**WHAT YOU WILL DO:** Look below for the line containing "-1 \<and> w"; from there, print each line exactly up to and including the line containing "(auto dest: strict_mono_on_eqD[OF", and stop.

Segment Start: RECORDS SHOWN

theorem lemma9:
  fixes V :: "'v set" and E :: "'e set" and ep1 ep2 :: "'e \<Rightarrow> 'v"
    and b :: "'v \<Rightarrow> real" and d :: "'v \<Rightarrow> 'e \<Rightarrow> real" and p :: "'e \<Rightarrow> real"
    and indep :: "'e set \<Rightarrow> bool" and \<epsilon> :: real
  assumes "finite V" and "finite E"
    and "\<And>e. e \<in> E \<Longrightarrow> ep1 e \<in> V \<and> ep2 e \<in> V \<and> ep1 e \<noteq> ep2 e"
    and "\<And>v. v \<in> V \<Longrightarrow> b v \<ge> 0"
    and "\<And>v e. v \<in> V \<Longrightarrow> e \<in> E \<Longrightarrow> d v e \<ge> 0"
    and "\<And>e. e \<in> E \<Longrightarrow> p e \<ge> 0"
    and "matroid E indep"
    and "\<epsilon> > 0"
  shows "\<exists>M. mdm_feasible V E ep1 ep2 b d indep M \<and>
           sum p M \<ge> (1 - 2 * \<epsilon>) * mdm_opt V E ep1 ep2 b d indep p \<and>
           (\<forall>v\<in>V. \<exists>Mv. Mv \<subseteq> M \<and> real (card Mv) \<le> 1 / \<epsilon>\<^sup>2 \<and>
              (\<forall>e\<in>delta E ep1 ep2 v \<inter> (M - Mv).
                 d v e \<le> \<epsilon> * (b v - (\<Sum>f\<in>delta E ep1 ep2 v \<inter> Mv. d v f))))"
proof -
  obtain c :: nat where "c \<ge> 1" and scale: "1 \<le> \<epsilon> * real c" and card: "real ((c - 1)\<^sup>2) \<le> 1 / \<epsilon>\<^sup>2"
    using exists_nat_inverse_approx[OF assms(8)] by blast
  obtain F where F: "mdm_feasible V E ep1 ep2 b d indep F"
    and opt: "sum p F = mdm_opt V E ep1 ep2 b d indep p"
    using mdm_opt_attained[of E indep V b ep1 ep2 d p] assms(7,4) by blast
  obtain M where "mdm_feasible V E ep1 ep2 b d indep M"
    and profit: "(real c - 2) * sum p F \<le> real c * sum p M"
    and local: "\<forall>v\<in>V. \<exists>Mv. Mv \<subseteq> M \<and> card Mv \<le> (c - 1)\<^sup>2 \<and>
              (\<forall>e\<in>delta E ep1 ep2 v \<inter> (M - Mv).
                 real c * d v e \<le> b v - (\<Sum>f\<in>delta E ep1 ep2 v \<inter> Mv. d v f))"
    using mdm_truncation[of V E ep1 ep2 d p indep b F c] assms(1,3,5,6,7) F \<open>c \<ge> 1\<close> by blast
  have "sum p F \<ge> 0"
    using F assms(6) unfolding mdm_feasible_def by (intro sum_nonneg) auto
  show ?thesis
  proof (rule exI[of _ M], intro conjI ballI)
    show "mdm_feasible V E ep1 ep2 b d indep M" by fact
    show "(1 - 2 * \<epsilon>) * mdm_opt V E ep1 ep2 b d indep p \<le> sum p M"
      unfolding opt[symmetric] using scale \<open>c \<ge> 1\<close> \<open>sum p F \<ge> 0\<close> profit
      by (intro scaled_loss_bound[of \<epsilon> "real c"]) auto
    fix v assume "v \<in> V"
    then obtain Mv where "Mv \<subseteq> M" and "card Mv \<le> (c - 1)\<^sup>2"
      and light: "\<forall>e\<in>delta E ep1 ep2 v \<inter> (M - Mv).
                   real c * d v e \<le> b v - (\<Sum>f\<in>delta E ep1 ep2 v \<inter> Mv. d v f)"
      using local by blast
    have "real (card Mv) \<le> 1 / \<epsilon>\<^sup>2"
      using \<open>card Mv \<le> (c - 1)\<^sup>2\<close> card of_nat_le_iff[of "card Mv"] by linarith
    moreover have "d v e \<le> \<epsilon> * (b v - (\<Sum>f\<in>delta E ep1 ep2 v \<inter> Mv. d v f))"
      if "e \<in> delta E ep1 ep2 v \<inter> (M - Mv)" for e
    proof (rule le_mult_of_scaled_le[OF scale less_imp_le[OF assms(8)]])
      show "d v e \<ge> 0" using that assms(5)[OF \<open>v \<in> V\<close>] unfolding delta_def by blast
      show "real c * d v e \<le> b v - (\<Sum>f\<in>delta E ep1 ep2 v \<inter> Mv. d v f)" using that light by blast
    qed
    ultimately show "\<exists>Mv. Mv \<subseteq> M \<and> real (card Mv) \<le> 1 / \<epsilon>\<^sup>2 \<and>
            (\<forall>e\<in>delta E ep1 ep2 v \<inter> (M - Mv).
               d v e \<le> \<epsilon> * (b v - (\<Sum>f\<in>delta E ep1 ep2 v \<inter> Mv. d v f)))"
      using \<open>Mv \<subseteq> M\<close> by blast
  qed
qed

end
(* For an integer $n>1$ define, for every integer $1\le r\le n-1$, $$E^{C}_{n}(r)=\frac{r}{n}\sum_{k=r+1}^{n}\frac{1-\frac{k}{n}}{k-1},$$ and let $\mathcal{M}(n)$ be a value of $r$ at which $E^C_n$ attains its maximum. Let $\rho=-\frac12 W(-2e^{-2})=0.20318\dots$. Then (i) $\lim_{n\to\infty}\mathcal{M}(n)/n=\rho$; (ii) $\lim_{n\to\infty}E^C_n(\mathcal{M}(n))=\lim_{n\to\infty}E^C_n(\lfloor\rho n\rfloor)=\rho(1-\rho)=0.16190\dots$.
   Context: $W$ denotes the principal (main) branch of the Lambert $W$ function, i.e. the inverse of $z\mapsto ze^z$ on $[-1,\infty)$, so that $z=W(ze^z)$ for $z\ge -1$. *)

theory Defs
  imports Complex_Main
begin

definition lambertW :: "real \<Rightarrow> real" where
  "lambertW x = (THE w. w \<ge> -1 \<and> w * exp w = x)"

definition EC :: "nat \<Rightarrow> nat \<Rightarrow> real" where
  "EC n r = (real r / real n) * (\<Sum>k=r+1..n. (1 - real k / real n) / (real k - 1))"

definition rho :: real where
  "rho = - (1/2) * lambertW (-2 * exp (-2))"

end

theory Submission
  imports Defs
begin

text \<open>With \<open>x = r/n\<close>, the sum \<open>\<Sum>1/(k-1)\<close> over \<open>r < k \<le> n\<close> equals \<open>ln (1/x)\<close> up to \<open>1/r\<close>,
so \<open>EC n r = g x + O(1/n)\<close> uniformly in \<open>r\<close>, where \<open>g x = x (x - 1 - ln x)\<close> (\<open>EC_limit\<close> below). Since
\<open>g' x = 2x - 2 - ln x\<close> and \<open>\<rho>\<close> is the root of \<open>ln \<rho> = 2\<rho> - 2\<close> in \<open>(0, 1/2)\<close> (equivalently
\<open>(-2\<rho>) exp (-2\<rho>) = -2 exp (-2)\<close>, which is the Lambert W definition), \<open>g\<close> increases on \<open>(0, \<rho>]\<close>
and decreases on \<open>[\<rho>, 1]\<close>. The optimal values \<open>EC n (M n)\<close> are squeezed between
\<open>EC n \<lfloor>\<rho> n\<rfloor> \<rightarrow> g \<rho>\<close> and \<open>g \<rho> + O(1/n)\<close>; hence \<open>g (M n / n) \<rightarrow> g \<rho>\<close>, and unimodality of \<open>g\<close>
forces \<open>M n / n \<rightarrow> \<rho>\<close>. Finally \<open>g \<rho> = \<rho> (1 - \<rho>)\<close>.\<close>

lemma mult_exp_strict_mono_on: "strict_mono_on {-1..} (\<lambda>w::real. w * exp w)"
proof (rule strict_mono_onI)
  fix a b :: real
  assume "a \<in> {-1..}" "a < b"
  show "a * exp a < b * exp b"
  proof (rule DERIV_pos_imp_increasing_open[OF \<open>a < b\<close>])
    fix x assume "a < x" "x < b"
    then have "0 < (1 + x) * exp x" using \<open>a \<in> {-1..}\<close> by simp
    then show "\<exists>y. ((\<lambda>w. w * exp w) has_real_derivative y) (at x) \<and> 0 < y"
      by (intro exI[of _ "(1 + x) * exp x"]) (auto intro!: derivative_eq_intros simp: algebra_simps)
  next
    show "continuous_on {a..b} (\<lambda>w. w * exp w)" by (intro continuous_intros)
  qed
qed

lemma lambertW_mult_exp: "-1 \<le> w \<Longrightarrow> lambertW (w * exp w) = w"
  unfolding lambertW_def
  by (rule the_equality)
     (auto dest: strict_mono_on_eqD[OF mult_exp_strict_mono_on])

lemma rho_bounds_and_equation: "0 < rho \<and> rho < 1/2 \<and> ln rho = 2 * rho - 2"
proof -
  define y where "y = -2 * exp (-2::real)"
  have "exp (1::real) > 2" using exp_1_gt_powr[of 1] by simp
  moreover have "exp (-1::real) = exp 1 * exp (-2)" by (simp flip: exp_add)
  ultimately have below: "-1 * exp (-1) < y"
    unfolding y_def by (simp add: mult_strict_right_mono)
  obtain w where w: "-1 \<le> w" "w \<le> 0" "w * exp w = y"
    using IVT[of "\<lambda>w. w * exp w" "-1" y 0] below by (force intro!: continuous_intros simp: y_def)
  have "w \<noteq> -1" "w \<noteq> 0" using w below by (auto simp: y_def)
  moreover have rho_w: "rho = - w / 2"
    using lambertW_mult_exp[OF w(1)] w(3) unfolding rho_def y_def by simp
  ultimately have pos: "0 < rho" "rho < 1/2" using w by auto
  have "rho * exp (-2 * rho) = exp (-2)"
    using w(3) unfolding y_def \<open>rho = - w / 2\<close> by simp
  have "rho = rho * exp (-2 * rho) * exp (2 * rho)" by (simp add: mult.assoc flip: exp_add)
  also have "\<dots> = exp (-2) * exp (2 * rho)" using \<open>rho * exp (-2 * rho) = exp (-2)\<close> by simp
  also have "\<dots> = exp (2 * rho - 2)" by (simp flip: exp_add)
  finally show ?thesis using pos by (metis ln_exp)
qed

Segment End: RECORDS SHOWN

**RESULT OF THIS TASK:**
  "lambertW x = (THE w. w \<ge> -1 \<and> w * exp w = x)"

definition EC :: "nat \<Rightarrow> nat \<Rightarrow> real" where
  "EC n r = (real r / real n) * (\<Sum>k=r+1..n. (1 - real k / real n) / (real k - 1))"

definition rho :: real where
  "rho = - (1/2) * lambertW (-2 * exp (-2))"

end

theory Submission
  imports Defs
begin

text \<open>With \<open>x = r/n\<close>, the sum \<open>\<Sum>1/(k-1)\<close> over \<open>r < k \<le> n\<close> equals \<open>ln (1/x)\<close> up to \<open>1/r\<close>,
so \<open>EC n r = g x + O(1/n)\<close> uniformly in \<open>r\<close>, where \<open>g x = x (x - 1 - ln x)\<close> (\<open>EC_limit\<close> below). Since
\<open>g' x = 2x - 2 - ln x\<close> and \<open>\<rho>\<close> is the root of \<open>ln \<rho> = 2\<rho> - 2\<close> in \<open>(0, 1/2)\<close> (equivalently
\<open>(-2\<rho>) exp (-2\<rho>) = -2 exp (-2)\<close>, which is the Lambert W definition), \<open>g\<close> increases on \<open>(0, \<rho>]\<close>
and decreases on \<open>[\<rho>, 1]\<close>. The optimal values \<open>EC n (M n)\<close> are squeezed between
\<open>EC n \<lfloor>\<rho> n\<rfloor> \<rightarrow> g \<rho>\<close> and \<open>g \<rho> + O(1/n)\<close>; hence \<open>g (M n / n) \<rightarrow> g \<rho>\<close>, and unimodality of \<open>g\<close>
forces \<open>M n / n \<rightarrow> \<rho>\<close>. Finally \<open>g \<rho> = \<rho> (1 - \<rho>)\<close>.\<close>

lemma mult_exp_strict_mono_on: "strict_mono_on {-1..} (\<lambda>w::real. w * exp w)"
proof (rule strict_mono_onI)
  fix a b :: real
  assume "a \<in> {-1..}" "a < b"
  show "a * exp a < b * exp b"
  proof (rule DERIV_pos_imp_increasing_open[OF \<open>a < b\<close>])
    fix x assume "a < x" "x < b"
    then have "0 < (1 + x) * exp x" using \<open>a \<in> {-1..}\<close> by simp
    then show "\<exists>y. ((\<lambda>w. w * exp w) has_real_derivative y) (at x) \<and> 0 < y"
      by (intro exI[of _ "(1 + x) * exp x"]) (auto intro!: derivative_eq_intros simp: algebra_simps)
  next
    show "continuous_on {a..b} (\<lambda>w. w * exp w)" by (intro continuous_intros)
  qed
qed

lemma lambertW_mult_exp: "-1 \<le> w \<Longrightarrow> lambertW (w * exp w) = w"
  unfolding lambertW_def
  by (rule the_equality)
     (auto dest: strict_mono_on_eqD[OF mult_exp_strict_mono_on])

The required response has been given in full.